I recall a student doing a comparison between both. The thing is I have no idea where his assignment was buried lol. I recall the main points being that if you implement MySQL then with an efficient database design then its suitable for large projects. Further some have a tendency of arguing that the price factor is huge. This is not exactly true since there is affordable ASP.NET hosting plans. All I can say is choose what you are better at. By the way theres a ton of more benefits to using ASP.NET however those are quite easily referrable reading Microsofts documentation or googling.


----------



## n2casey (Apr 3, 2009)

PHP+MySQL can handle that much of data and requests. So don't worry, even TDF is also running on that. Advantage for PHP & MySQL is that it is free but for ASP.NET you need to pay. If you are ready to pay then go for one in which you are efficient.


----------



## Sathish (Apr 3, 2009)

cost is no bar. im ready to spend more bucks. i want stable and reliable and robustness..so i choose asp.net instead of php..??


----------



## n2casey (Apr 3, 2009)

Then better to go for ASP.NET, with ASP.NET you can develop faster than PHP and also you will have more flexibility & ease in understanding and development.


----------



## mahesh (Apr 3, 2009)

^^^^^ +1...................


----------



## Desi-Tek.com (Apr 5, 2009)

nor asp.net nor php if u want stability and scalability go for java on linux

struts 2, hibernate

or seam


----------



## n2casey (Apr 6, 2009)

Desi-Tek.com said:


> nor asp.net nor php if u want stability and scalability go for java on linux
> 
> struts 2, hibernate
> 
> or seam



Well PHP & ASP.NET both are as stable as Java. So there is no question of stability since it depends on developer whether he is able to develop a stable application or not. To develop application with ASP.NET is easy for beginners as compared to Java or PHP.


----------



## toofan (Apr 13, 2009)

I would prefer PHP + MySql any day. Its easy to understand and also similar to other programming languages. so no worries understanding basics.


----------



## vamsi360 (Apr 13, 2009)

toofan said:


> I would prefer PHP + MySql any day. Its easy to understand and also similar to other programming languages. so no worries understanding basics.



+1


----------



## Sathish (Apr 14, 2009)

deciding php&mysql..


----------



## n2casey (Apr 14, 2009)

toofan said:


> I would prefer PHP + MySql any day. Its easy to understand and also similar to other programming languages. so no worries understanding basics.
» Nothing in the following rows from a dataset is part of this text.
section \<open>The multiway system\<close>

text \<open>Symbols: 0 and 1 delimit the word, 2 and 3 are the digits of the block, 4 and 5 are the
  right- and left-moving markers, and 6 ends a unary counter whose value is the number of 7s
  in front of it. Rule 42 \<rightarrow> 334 doubles the block while the marker moves right, 35 \<rightarrow> 522
  while it moves left.\<close>

definition log_poly_rules :: "nat \<Rightarrow> (nat list \<times> nat list) set" where
  "log_poly_rules d = {([4,2], [3,3,4]), ([4,1], [5,1]), ([3,5], [5,2,2]), ([0,5], [0,4]),
     ([4,1], replicate (Suc d) 6 @ [1]), ([6], [7,6])}"

definition log_poly_system :: "nat \<Rightarrow> multiway_system" where
  "log_poly_system d = \<lparr>mw_rules = log_poly_rules d, mw_init = [0,4,2,1], mw_alph = {0..7}\<rparr>"

lemma mw_stepI:
  "(l, r) \<in> mw_rules M \<Longrightarrow> u = x @ l @ y \<Longrightarrow> v = x @ r @ y \<Longrightarrow> (u, v) \<in> mw_step M"
  unfolding mw_step_def by blast

lemma mw_rules_log_poly_system [simp]: "mw_rules (log_poly_system d) = log_poly_rules d"
  by (simp add: log_poly_system_def)

lemma wf_log_poly_system: "wf_multiway (log_poly_system d)"
  unfolding wf_multiway_def log_poly_system_def log_poly_rules_def by auto

lemma log_poly_step_cases:
  assumes "(u, v) \<in> mw_step (log_poly_system d)"
  obtains (double_right) x y where "u = x @ [4,2] @ y" "v = x @ [3,3,4] @ y"
    | (turn_left) x y where "u = x @ [4,1] @ y" "v = x @ [5,1] @ y"
    | (double_left) x y where "u = x @ [3,5] @ y" "v = x @ [5,2,2] @ y"
    | (turn_right) x y where "u = x @ [0,5] @ y" "v = x @ [0,4] @ y"
    | (turn_counters) x y where "u = x @ [4,1] @ y" "v = x @ replicate (Suc d) 6 @ [1] @ y"
    | (increment) x y where "u = x @ [6] @ y" "v = x @ [7,6] @ y"
proof -
  obtain l r x y where "(l, r) \<in> log_poly_rules d" "u = x @ l @ y" "v = x @ r @ y"
    using assms by (auto simp: mw_step_def)
  then show thesis
    unfolding log_poly_rules_def using that by fastforce
qed

definition right_sweep :: "nat \<Rightarrow> nat \<Rightarrow> nat list" where
  "right_sweep k i = 0 # replicate (2*i) 3 @ 4 # replicate (4^k - i) 2 @ [1]"

definition left_sweep :: "nat \<Rightarrow> nat \<Rightarrow> nat list" where
  "left_sweep k j = 0 # replicate (2*4^k - j) 3 @ 5 # replicate (2*j) 2 @ [1]"

definition counter_word :: "nat \<Rightarrow> nat list \<Rightarrow> nat list" where
  "counter_word k ts = 0 # replicate (2*4^k) 3 @ counter_code ts @ [1]"

text \<open>Round j consists of 4^j right-sweep steps, 2 * 4^j left-sweep steps and two turns, so
  round k starts after 4^k - 1 + 2k steps.\<close>

definition round_start :: "nat \<Rightarrow> nat" where
  "round_start k = 4^k - 1 + 2*k"

abbreviation turn_level :: "nat \<Rightarrow> nat" where
  "turn_level k \<equiv> round_start k + 4^k + 1"

lemma Suc_round_start: "Suc (round_start k) = 4^k + 2*k"
proof -
  have "0 < (4::nat)^k"
    by simp
  then show ?thesis
    unfolding round_start_def by linarith
qed

lemma round_start_Suc: "round_start (Suc k) = turn_level k + 2 * 4^k + 1"
  using Suc_round_start[of k] Suc_round_start[of "Suc k"] by simp

lemma turn_level_le: "turn_level k \<le> 3 * 4^k"
proof -
  have "2 * k \<le> 4^k"
  proof (induction k)
    case (Suc k)
    have "0 < (4::nat)^k"
      by simp
    then show ?case
      unfolding power_Suc mult_Suc_right using Suc.IH by linarith
  qed simp
  then show ?thesis
    using Suc_round_start[of k] by linarith
qed

lemma marker_symbols:
  "4 \<in> set (right_sweep k i)" "5 \<notin> set (right_sweep k i)" "6 \<notin> set (right_sweep k i)"
  "5 \<in> set (left_sweep k j)" "4 \<notin> set (left_sweep k j)" "6 \<notin> set (left_sweep k j)"
  "4 \<notin> set (counter_word k ts)" "5 \<notin> set (counter_word k ts)"
  using set_counter_code[of ts] by (auto simp: right_sweep_def left_sweep_def counter_word_def)

lemma right_sweep_successor:
  assumes "i \<le> 4^k" "(right_sweep k i, v) \<in> mw_step (log_poly_system d)"
  shows "(i < 4^k \<and> v = right_sweep k (Suc i))
    \<or> (i = 4^k \<and> (v = left_sweep k 0 \<or> v = counter_word k (replicate (Suc d) 0)))"
proof -
  let ?P = "0 # replicate (2*i) 3"
  let ?Q = "replicate (4^k - i) 2 @ [1]"
  have u: "right_sweep k i = ?P @ 4 # ?Q"
    by (simp add: right_sweep_def)
  have marker: "(4::nat) \<notin> set ?P" "(4::nat) \<notin> set ?Q"
    by auto
  have turn: "x = ?P \<and> i = 4^k \<and> y = []" if "right_sweep k i = x @ [4,1] @ y" for x y
  proof -
    have "x @ 4 # 1 # y = ?P @ 4 # ?Q"
      unfolding u[symmetric] that by simp
    then have "x = ?P \<and> 1 # y = ?Q"
      using marker by (rule append_Cons_eq_unique)
    then show ?thesis
      using assms(1) by (cases "4^k - i") auto
  qed
  from assms(2) show ?thesis
  proof (cases rule: log_poly_step_cases)
    case (double_right x y)
    have "x @ 4 # 2 # y = ?P @ 4 # ?Q"
      unfolding u[symmetric] double_right(1) by simp
    then have xy: "x = ?P \<and> 2 # y = ?Q"
      using marker by (rule append_Cons_eq_unique)
    then have "i < 4^k"
      by (cases "4^k - i") auto
    moreover have "y = replicate (4^k - Suc i) 2 @ [1]"
      using xy \<open>i < 4^k\<close> by (metis Suc_diff_Suc list.inject replicate_Suc append_Cons)
    ultimately show ?thesis
      using double_right(2) xy by (simp add: right_sweep_def replicate_append_same[symmetric])
  next
    case (turn_left x y)
    then show ?thesis
      using turn[of x y] by (simp add: left_sweep_def)
  next
    case (turn_counters x y)
    then show ?thesis
      using turn[of x y] by (simp add: counter_word_def counter_code_zeros)
  qed (use marker_symbols(2,3)[where k = k and i = i] in simp_all)
qed

lemma left_sweep_successor:
  assumes "j \<le> 2*4^k" "(left_sweep k j, v) \<in> mw_step (log_poly_system d)"
  shows "(j < 2*4^k \<and> v = left_sweep k (Suc j)) \<or> (j = 2*4^k \<and> v = right_sweep (Suc k) 0)"
proof -
  let ?P = "0 # replicate (2*4^k - j) 3"
  let ?Q = "replicate (2*j) 2 @ [1]"
  have u: "left_sweep k j = ?P @ 5 # ?Q"
    by (simp add: left_sweep_def)
  have marker: "(5::nat) \<notin> set ?P" "(5::nat) \<notin> set ?Q"
    by auto
  from assms(2) show ?thesis
  proof (cases rule: log_poly_step_cases)
    case (double_left x y)
    have "(x @ [3]) @ 5 # y = ?P @ 5 # ?Q"
      unfolding u[symmetric] double_left(1) by simp
    then have xy: "x @ [3] = ?P \<and> y = ?Q"
      using marker by (rule append_Cons_eq_unique)
    then have "j < 2*4^k"
      by (cases "2*4^k - j") auto
    then have "replicate (2*4^k - j) (3::nat) = replicate (2*4^k - Suc j) 3 @ [3]"
      by (metis Suc_diff_Suc replicate_Suc replicate_append_same)
    then have "x = 0 # replicate (2*4^k - Suc j) 3"
      using xy by (metis append1_eq_conv append_Cons)
    then show ?thesis
      using double_left(2) xy \<open>j < 2*4^k\<close> by (simp add: left_sweep_def)
  next
    case (turn_right x y)
    have "left_sweep k j = [] @ 0 # (replicate (2*4^k - j) 3 @ 5 # ?Q)"
      by (simp add: left_sweep_def)
    then have "x @ 0 # 5 # y = [] @ 0 # (replicate (2*4^k - j) 3 @ 5 # ?Q)"
      unfolding turn_right(1) by simp
    then have y: "x = []" "5 # y = replicate (2*4^k - j) 3 @ 5 # ?Q"
      using append_Cons_eq_unique[of x 0 "5 # y" "[]"] by auto
    then have "2*4^k - j = 0"
      by (cases "2*4^k - j") auto
    then show ?thesis
      using assms(1) y turn_right(2) by (simp add: right_sweep_def)
  qed (use marker_symbols(5,6)[where k = k and j = j] in simp_all)
qed

lemma counter_word_successor:
  assumes "(counter_word k ts, v) \<in> mw_step (log_poly_system d)"
  shows "\<exists>j < length ts. v = counter_word k (ts[j := Suc (ts ! j)])"
  using assms
proof (cases rule: log_poly_step_cases)
  case (increment x y)
  have "counter_word k ts = (0 # replicate (2*4^k) 3) @ (counter_code ts @ [1])"
    by (simp add: counter_word_def)
  then have "(0 # replicate (2*4^k) 3) @ (counter_code ts @ [1]) = x @ 6 # y"
    unfolding increment(1) by simp
  then obtain x' where x': "x = (0 # replicate (2*4^k) 3) @ x'" "counter_code ts @ [1] = x' @ 6 # y"
    using append_eq_append_Cons_prefix[of "0 # replicate (2*4^k) 3" _ x 6 y] by auto
  obtain j where "j < length ts" "x' @ 7 # 6 # y = counter_code (ts[j := Suc (ts ! j)]) @ [1]"
    using counter_code_split[OF x'(2)] by auto
  then show ?thesis
    using increment(2) x'(1) by (auto simp: counter_word_def)
qed (use marker_symbols(7,8)[where k = k and ts = ts] in simp_all)

lemma right_sweep_step:
  "i < 4^k \<Longrightarrow> (right_sweep k i, right_sweep k (Suc i)) \<in> mw_step (log_poly_system d)"
proof (rule mw_stepI[of "[4,2]" "[3,3,4]" _ _ "0 # replicate (2*i) 3"
      "replicate (4^k - Suc i) 2 @ [1]"])
  assume "i < 4^k"
  then have "replicate (4^k - i) (2::nat) = 2 # replicate (4^k - Suc i) 2"
    by (metis Suc_diff_Suc replicate_Suc)
  then show "right_sweep k i = (0 # replicate (2*i) 3) @ [4,2] @ (replicate (4^k - Suc i) 2 @ [1])"
    by (simp add: right_sweep_def)
  show "right_sweep k (Suc i)
      = (0 # replicate (2*i) 3) @ [3,3,4] @ (replicate (4^k - Suc i) 2 @ [1])"
    by (simp add: right_sweep_def replicate_append_same[symmetric])
qed (simp add: log_poly_rules_def)

lemma right_sweep_turn_left:
  "(right_sweep k (4^k), left_sweep k 0) \<in> mw_step (log_poly_system d)"
  by (rule mw_stepI[of "[4,1]" "[5,1]" _ _ "0 # replicate (2*4^k) 3" "[]"])
     (simp_all add: log_poly_rules_def right_sweep_def left_sweep_def)

lemma right_sweep_turn_counters:
  "(right_sweep k (4^k), counter_word k (replicate (Suc d) 0)) \<in> mw_step (log_poly_system d)"
  by (rule mw_stepI[of "[4,1]" "replicate (Suc d) 6 @ [1]" _ _ "0 # replicate (2*4^k) 3" "[]"])
     (simp_all add: log_poly_rules_def right_sweep_def counter_word_def counter_code_zeros
       del: replicate_Suc)

lemma left_sweep_step:
  "j < 2*4^k \<Longrightarrow> (left_sweep k j, left_sweep k (Suc j)) \<in> mw_step (log_poly_system d)"
proof (rule mw_stepI[of "[3,5]" "[5,2,2]" _ _ "0 # replicate (2*4^k - Suc j) 3"
      "replicate (2*j) 2 @ [1]"])
  assume "j < 2*4^k"
  then have "replicate (2*4^k - j) (3::nat) = replicate (2*4^k - Suc j) 3 @ [3]"
    by (metis Suc_diff_Suc replicate_Suc replicate_append_same)
  then show "left_sweep k j = (0 # replicate (2*4^k - Suc j) 3) @ [3,5] @ (replicate (2*j) 2 @ [1])"
    by (simp add: left_sweep_def)
qed (simp_all add: log_poly_rules_def left_sweep_def)

lemma left_sweep_turn_right:
  "(left_sweep k (2*4^k), right_sweep (Suc k) 0) \<in> mw_step (log_poly_system d)"
  by (rule mw_stepI[of "[0,5]" "[0,4]" _ _ "[]" "replicate (4*4^k) 2 @ [1]"])
     (simp_all add: log_poly_rules_def right_sweep_def left_sweep_def)

lemma counter_word_step:
  assumes "j < length ts"
  shows "(counter_word k ts, counter_word k (ts[j := Suc (ts ! j)])) \<in> mw_step (log_poly_system d)"
proof -
  obtain x y where "counter_code ts = x @ [6] @ y"
    "counter_code (ts[j := Suc (ts ! j)]) = x @ [7, 6] @ y"
    using counter_code_increment[OF assms] by blast
  then show ?thesis
    by (intro mw_stepI[of "[6]" "[7,6]" _ _ "0 # replicate (2*4^k) 3 @ x" "y @ [1]"])
       (simp_all add: log_poly_rules_def counter_word_def)
qed
lemma constant_on_if_v_helix_principal_normal:
  assumes "v_helix I e2"
  shows "(\<lambda>s. (\<tau>' s * \<kappa> s - \<tau> s * \<kappa>' s) / ((\<kappa> s ^ 2 + \<tau> s ^ 2) * sqrt (\<kappa> s ^ 2 + \<tau> s ^ 2)))
           constant_on I"
proof -
  obtain d c where "d \<noteq> 0" and c: "\<And>s. s \<in> I \<Longrightarrow> e2 s \<bullet> d = c"
    using assms unfolding v_helix_iff_constant_on constant_on_def by blast
  define q where "q t = sqrt (\<kappa> t ^ 2 + \<tau> t ^ 2)" for t
  define P where "P t = \<tau> t * (e1 t \<bullet> d) + \<kappa> t * (e3 t \<bullet> d)" for t
  obtain b where b: "\<And>s. s \<in> I \<Longrightarrow> P s / q s = b"
    using constant_on_darboux_component[OF c] unfolding constant_on_def P_def q_def by blast
  have "(\<tau>' s * \<kappa> s - \<tau> s * \<kappa>' s) / ((\<kappa> s ^ 2 + \<tau> s ^ 2) * q s) = c / b" if s: "s \<in> I" for s
  proof -
    note coordinates = principal_normal_axis_coordinates[OF c s, folded P_def]
    have q_pos: "q s > 0" and q_sq: "q s * q s = \<kappa> s ^ 2 + \<tau> s ^ 2"
      using sum_squares_curvatures_pos[OF s] by (simp_all add: q_def)
    have P_eq: "P s = b * q s"
      using b[OF s] q_pos by (simp add: field_simps)
    have "b \<noteq> 0"
    proof
      assume "b = 0"
      then have "e1 s \<bullet> d = 0" "e3 s \<bullet> d = 0"
        using P_eq coordinates(1,2) nondegenerate[OF s] by auto
      moreover from this have "c = 0"
        using coordinates(3) nondegenerate[OF s] by auto
      ultimately show False
        using frame_coordinates_eq_0[OF s] c[OF s] \<open>d \<noteq> 0\<close> by auto
    qed
    have "(\<tau>' s * \<kappa> s - \<tau> s * \<kappa>' s) * b * q s = (\<kappa> s ^ 2 + \<tau> s ^ 2) * q s * c * q s"
      using coordinates P_eq q_sq by algebra
    then have "(\<tau>' s * \<kappa> s - \<tau> s * \<kappa>' s) * b = (\<kappa> s ^ 2 + \<tau> s ^ 2) * q s * c"
      using q_pos by simp
    moreover have "(\<kappa> s ^ 2 + \<tau> s ^ 2) * q s \<noteq> 0"
      using q_pos nondegenerate[OF s] by auto
    ultimately show ?thesis
      using \<open>b \<noteq> 0\<close> by (simp add: frac_eq_eq ac_simps)
  qed
  then show ?thesis
    unfolding constant_on_def q_def by blast
qed

lemma constant_on_principal_normal_axis:
  assumes k_eq: "\<And>s. s \<in> I \<Longrightarrow>
    (\<tau>' s * \<kappa> s - \<tau> s * \<kappa>' s) / ((\<kappa> s ^ 2 + \<tau> s ^ 2) * sqrt (\<kappa> s ^ 2 + \<tau> s ^ 2)) = k"
  shows "(\<lambda>t. k *\<^sub>R e2 t + (1 / sqrt (\<kappa> t ^ 2 + \<tau> t ^ 2)) *\<^sub>R (\<tau> t *\<^sub>R e1 t + \<kappa> t *\<^sub>R e3 t))
           constant_on I"
proof -
  define q where "q t = sqrt (\<kappa> t ^ 2 + \<tau> t ^ 2)" for t
  define F where "F t = k *\<^sub>R e2 t + (1 / q t) *\<^sub>R (\<tau> t *\<^sub>R e1 t + \<kappa> t *\<^sub>R e3 t)" for t
  have F_inner: "F t \<bullet> e = k * (e2 t \<bullet> e) + (\<tau> t * (e1 t \<bullet> e) + \<kappa> t * (e3 t \<bullet> e)) / q t" for t e
    by (simp add: F_def inner_add_left add_divide_distrib)
  have "F constant_on I"
  proof (rule constant_on_if_inner_constant_on, rule constant_on_if_has_real_derivative_0)
    fix e s assume s: "s \<in> I"
    have q_pos: "q s > 0" and q_sq: "q s * q s = \<kappa> s ^ 2 + \<tau> s ^ 2"
      using sum_squares_curvatures_pos[OF s] by (simp_all add: q_def)
    have q_deriv: "(q has_real_derivative (\<kappa> s * \<kappa>' s + \<tau> s * \<tau>' s) / q s) (at s)"
      using has_real_derivative_norm_curvatures[OF s] by (simp add: q_def[abs_def])
    have "(\<tau>' s * \<kappa> s - \<tau> s * \<kappa>' s) / (q s * q s * q s) = k"
      using k_eq[OF s] unfolding q_sq q_def[symmetric] .
    then have k: "\<tau>' s * \<kappa> s - \<tau> s * \<kappa>' s = k * (q s * q s * q s)"
      using q_pos by (simp add: nonzero_divide_eq_eq)
    have "((\<lambda>t. k * (e2 t \<bullet> e) + (\<tau> t * (e1 t \<bullet> e) + \<kappa> t * (e3 t \<bullet> e)) / q t) has_real_derivative
        k * (\<tau> s * (e3 s \<bullet> e) - \<kappa> s * (e1 s \<bullet> e))
        + ((\<tau> s * (\<kappa> s * (e2 s \<bullet> e)) + \<tau>' s * (e1 s \<bullet> e)
            + (\<kappa> s * (- \<tau> s * (e2 s \<bullet> e)) + \<kappa>' s * (e3 s \<bullet> e))) * q s
           - (\<tau> s * (e1 s \<bullet> e) + \<kappa> s * (e3 s \<bullet> e)) * ((\<kappa> s * \<kappa>' s + \<tau> s * \<tau>' s) / q s))
          / (q s * q s)) (at s)"
      by (intro DERIV_add DERIV_cmult DERIV_divide DERIV_mult' has_real_derivative_\<kappa>
          has_real_derivative_\<tau> has_real_derivative_frame_coordinates q_deriv s)
        (use q_pos in simp)
    moreover have "k * (q s * q s * q s) * (\<tau> s * (e3 s \<bullet> e) - \<kappa> s * (e1 s \<bullet> e))
        + (\<tau>' s * (e1 s \<bullet> e) + \<kappa>' s * (e3 s \<bullet> e)) * (q s * q s)
        - (\<tau> s * (e1 s \<bullet> e) + \<kappa> s * (e3 s \<bullet> e)) * (\<kappa> s * \<kappa>' s + \<tau> s * \<tau>' s) = 0"
      using k q_sq by algebra
    ultimately show "((\<lambda>t. F t \<bullet> e) has_real_derivative 0) (at s)"
      using q_pos by (simp add: F_inner field_simps)
  qed
  then show ?thesis
    unfolding F_def q_def .
qed

lemma v_helix_principal_normal_if_constant_on:
  assumes "(\<lambda>s. (\<tau>' s * \<kappa> s - \<tau> s * \<kappa>' s) / ((\<kappa> s ^ 2 + \<tau> s ^ 2) * sqrt (\<kappa> s ^ 2 + \<tau> s ^ 2)))
             constant_on I"
  shows "v_helix I e2"
proof -
  obtain k where "\<And>s. s \<in> I \<Longrightarrow>
      (\<tau>' s * \<kappa> s - \<tau> s * \<kappa>' s) / ((\<kappa> s ^ 2 + \<tau> s ^ 2) * sqrt (\<kappa> s ^ 2 + \<tau> s ^ 2)) = k"
    using assms unfolding constant_on_def by blast
  from constant_on_principal_normal_axis[OF this]
  obtain d where d: "\<And>s. s \<in> I \<Longrightarrow>
      k *\<^sub>R e2 s + (1 / sqrt (\<kappa> s ^ 2 + \<tau> s ^ 2)) *\<^sub>R (\<tau> s *\<^sub>R e1 s + \<kappa> s *\<^sub>R e3 s) = d"
    unfolding constant_on_def by blast
  obtain s0 where s0: "s0 \<in> I"
    using nonempty_I by blast
  have "e1 s0 \<bullet> d = \<tau> s0 / sqrt (\<kappa> s0 ^ 2 + \<tau> s0 ^ 2)" "e3 s0 \<bullet> d = \<kappa> s0 / sqrt (\<kappa> s0 ^ 2 + \<tau> s0 ^ 2)"
    using d[OF s0, symmetric] inner_frame[OF s0] by (simp_all add: inner_add_right)
  then have "d \<noteq> 0"
    using nondegenerate[OF s0] by auto
  moreover have "e2 s \<bullet> d = k" if "s \<in> I" for s
    using d[OF that, symmetric] inner_frame[OF that] by (simp add: inner_add_right)
  ultimately show "v_helix I e2"
    unfolding v_helix_iff_constant_on constant_on_def by blast
qed

theorem v_helix_principal_normal_iff:
  "v_helix I e2 \<longleftrightarrow>
     (\<lambda>s. (\<tau>' s * \<kappa> s - \<tau> s * \<kappa>' s) / (\<kappa> s ^ 2 + \<tau> s ^ 2) powr (3/2)) constant_on I"
proof -
  have "(\<kappa> s ^ 2 + \<tau> s ^ 2) powr (3/2) = (\<kappa> s ^ 2 + \<tau> s ^ 2) * sqrt (\<kappa> s ^ 2 + \<tau> s ^ 2)" for s
    by (simp add: powr_three_halves)
  then show ?thesis
    using constant_on_if_v_helix_principal_normal v_helix_principal_normal_if_constant_on
    by (simp only:) blast
qed

end

end

lemma myller_configuration_interval:
  "myller_configuration I C xi mu v G K T \<Longrightarrow> open I \<and> connected I \<and> I \<noteq> {}"
  unfolding myller_configuration_def by (auto intro: is_interval_connected)

lemma myller_configuration_has_vector_derivative:
  assumes "myller_configuration I C xi mu v G K T" "s \<in> I"
  shows "(xi has_vector_derivative G s *\<^sub>R mu s + K s *\<^sub>R v s) (at s)"
    "(mu has_vector_derivative - G s *\<^sub>R xi s + T s *\<^sub>R v s) (at s)"
    "(v has_vector_derivative - K s *\<^sub>R xi s - T s *\<^sub>R mu s) (at s)"
  using assms unfolding myller_configuration_def by auto

lemma myller_configuration_orthonormal:
  assumes "myller_configuration I C xi mu v G K T" "s \<in> I"
  shows "norm (xi s) = 1 \<and> norm (mu s) = 1 \<and> norm (v s) = 1 \<and>
    xi s \<bullet> mu s = 0 \<and> xi s \<bullet> v s = 0 \<and> mu s \<bullet> v s = 0"
proof -
  have frame: "norm (xi s) = 1" "norm (v s) = 1" "xi s \<bullet> v s = 0" "mu s = cross3 (v s) (xi s)"
    using assms unfolding myller_configuration_def by auto
  then have "(norm (mu s))\<^sup>2 = 1"
    using norm_cross_dot[of "v s" "xi s"] by (simp add: inner_commute)
  then have "norm (mu s) = 1"
    using norm_ge_zero[of "mu s"] by (auto simp: power2_eq_1_iff)
  then show ?thesis
    using frame dot_cross_self(2,4) by simp
qed

lemma myller_configuration_has_real_derivative_invariants:
  assumes M: "myller_configuration I C xi mu v G K T" and s: "s \<in> I"
  shows "(T has_real_derivative deriv T s) (at s)" "(K has_real_derivative deriv K s) (at s)"
proof -
  have "smooth_on I v"
    using M unfolding myller_configuration_def by blast
  then obtain D where "D 0 = v" and D: "\<And>n t. t \<in> I \<Longrightarrow> (D n has_vector_derivative D (Suc n) t) (at t)"
    unfolding smooth_on_def by blast
  have "D 1 t = - K t *\<^sub>R xi t - T t *\<^sub>R mu t" if "t \<in> I" for t
  proof (rule vector_derivative_unique_at)
    show "(v has_vector_derivative D 1 t) (at t)"
      using D[OF that, of 0] \<open>D 0 = v\<close> by simp
    show "(v has_vector_derivative - K t *\<^sub>R xi t - T t *\<^sub>R mu t) (at t)"
      by (rule myller_configuration_has_vector_derivative(3)[OF M that])
  qed
  then have T_eq: "T t = - (D 1 t \<bullet> mu t)" and K_eq: "K t = - (D 1 t \<bullet> xi t)" if "t \<in> I" for t
    using myller_configuration_orthonormal[OF M that] that
    by (simp_all add: inner_diff_right dot_square_norm inner_commute)
  have differentiable: "\<exists>X. ((\<lambda>t. - (D 1 t \<bullet> w t)) has_real_derivative X) (at s)"
    if "(w has_vector_derivative w') (at s)" for w w'
    using DERIV_minus[OF has_real_derivative_inner[OF D[OF s, of 1] that]] by blast
  obtain X Y where "((\<lambda>t. - (D 1 t \<bullet> mu t)) has_real_derivative X) (at s)"
      "((\<lambda>t. - (D 1 t \<bullet> xi t)) has_real_derivative Y) (at s)"
    using differentiable myller_configuration_has_vector_derivative(1,2)[OF M s] by meson
  then have "(T has_real_derivative X) (at s)" "(K has_real_derivative Y) (at s)"
    using has_field_derivative_transform_within_open[OF _ _ s] myller_configuration_interval[OF M]
      T_eq K_eq
    by auto
  then show "(T has_real_derivative deriv T s) (at s)" "(K has_real_derivative deriv K s) (at s)"
    using DERIV_imp_deriv by fastforce+
qed

lemma frenet_frame_if_normal_curvature_zero:
  assumes M: "myller_configuration I C xi mu v G K T" and K0: "\<forall>s\<in>I. K s = 0"
  shows "frenet_frame I xi mu v G T"
proof
  show "open I" "connected I" "I \<noteq> {}"
    using myller_configuration_interval[OF M] by auto
  fix s assume s: "s \<in> I"
  note D = myller_configuration_has_vector_derivative[OF M s]
  show "norm (xi s) = 1 \<and> norm (mu s) = 1 \<and> norm (v s) = 1 \<and>
      xi s \<bullet> mu s = 0 \<and> xi s \<bullet> v s = 0 \<and> mu s \<bullet> v s = 0"
    by (rule myller_configuration_orthonormal[OF M s])
  show "(xi has_vector_derivative G s *\<^sub>R mu s) (at s)"
    using D(1) K0 s by simp
  show "(mu has_vector_derivative T s *\<^sub>R v s - G s *\<^sub>R xi s) (at s)"
    using D(2) by (simp add: algebra_simps)
  show "(v has_vector_derivative - T s *\<^sub>R mu s) (at s)"
    using D(3) K0 s by simp
qed

lemma frenet_frame_if_geodesic_curvature_zero:
  assumes M: "myller_configuration I C xi mu v G K T" and G0: "\<forall>s\<in>I. G s = 0"
  shows "frenet_frame I xi v (\<lambda>t. - mu t) K T"
proof
  show "open I" "connected I" "I \<noteq> {}"
    using myller_configuration_interval[OF M] by auto
  fix s assume s: "s \<in> I"
  note D = myller_configuration_has_vector_derivative[OF M s]
  show "norm (xi s) = 1 \<and> norm (v s) = 1 \<and> norm (- mu s) = 1 \<and>
      xi s \<bullet> v s = 0 \<and> xi s \<bullet> - mu s = 0 \<and> v s \<bullet> - mu s = 0"
    using myller_configuration_orthonormal[OF M s] by (simp add: inner_commute)
  show "(xi has_vector_derivative K s *\<^sub>R v s) (at s)"
    using D(1) G0 s by simp
  show "(v has_vector_derivative T s *\<^sub>R - mu s - K s *\<^sub>R xi s) (at s)"
    by (rule has_vector_derivative_eq_rhs[OF D(3)]) (simp add: algebra_simps)
  show "((\<lambda>t. - mu t) has_vector_derivative - T s *\<^sub>R v s) (at s)"
    using has_vector_derivative_minus[OF D(2)] G0 s by simp
qed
ASP.NET is very easy coz it provides lot of things readymade. Also you will find C# much similar to C++ so it's very easy to understand. SQL Server is much better than MySQL in providing friendly environment for development.


@Betruger

Go for one in which you have better understanding. If you know C++ then it's very easy to code in C#.


----------



## vamsi360 (Apr 14, 2009)

> Go for one in which you have better understanding. If you know C++ then it's very easy to code in C#.



PHP/MYSQL are opensource so I prefer LAMP to MS tools.
But MS never gives up and i think ASP.net will continue to shine..


----------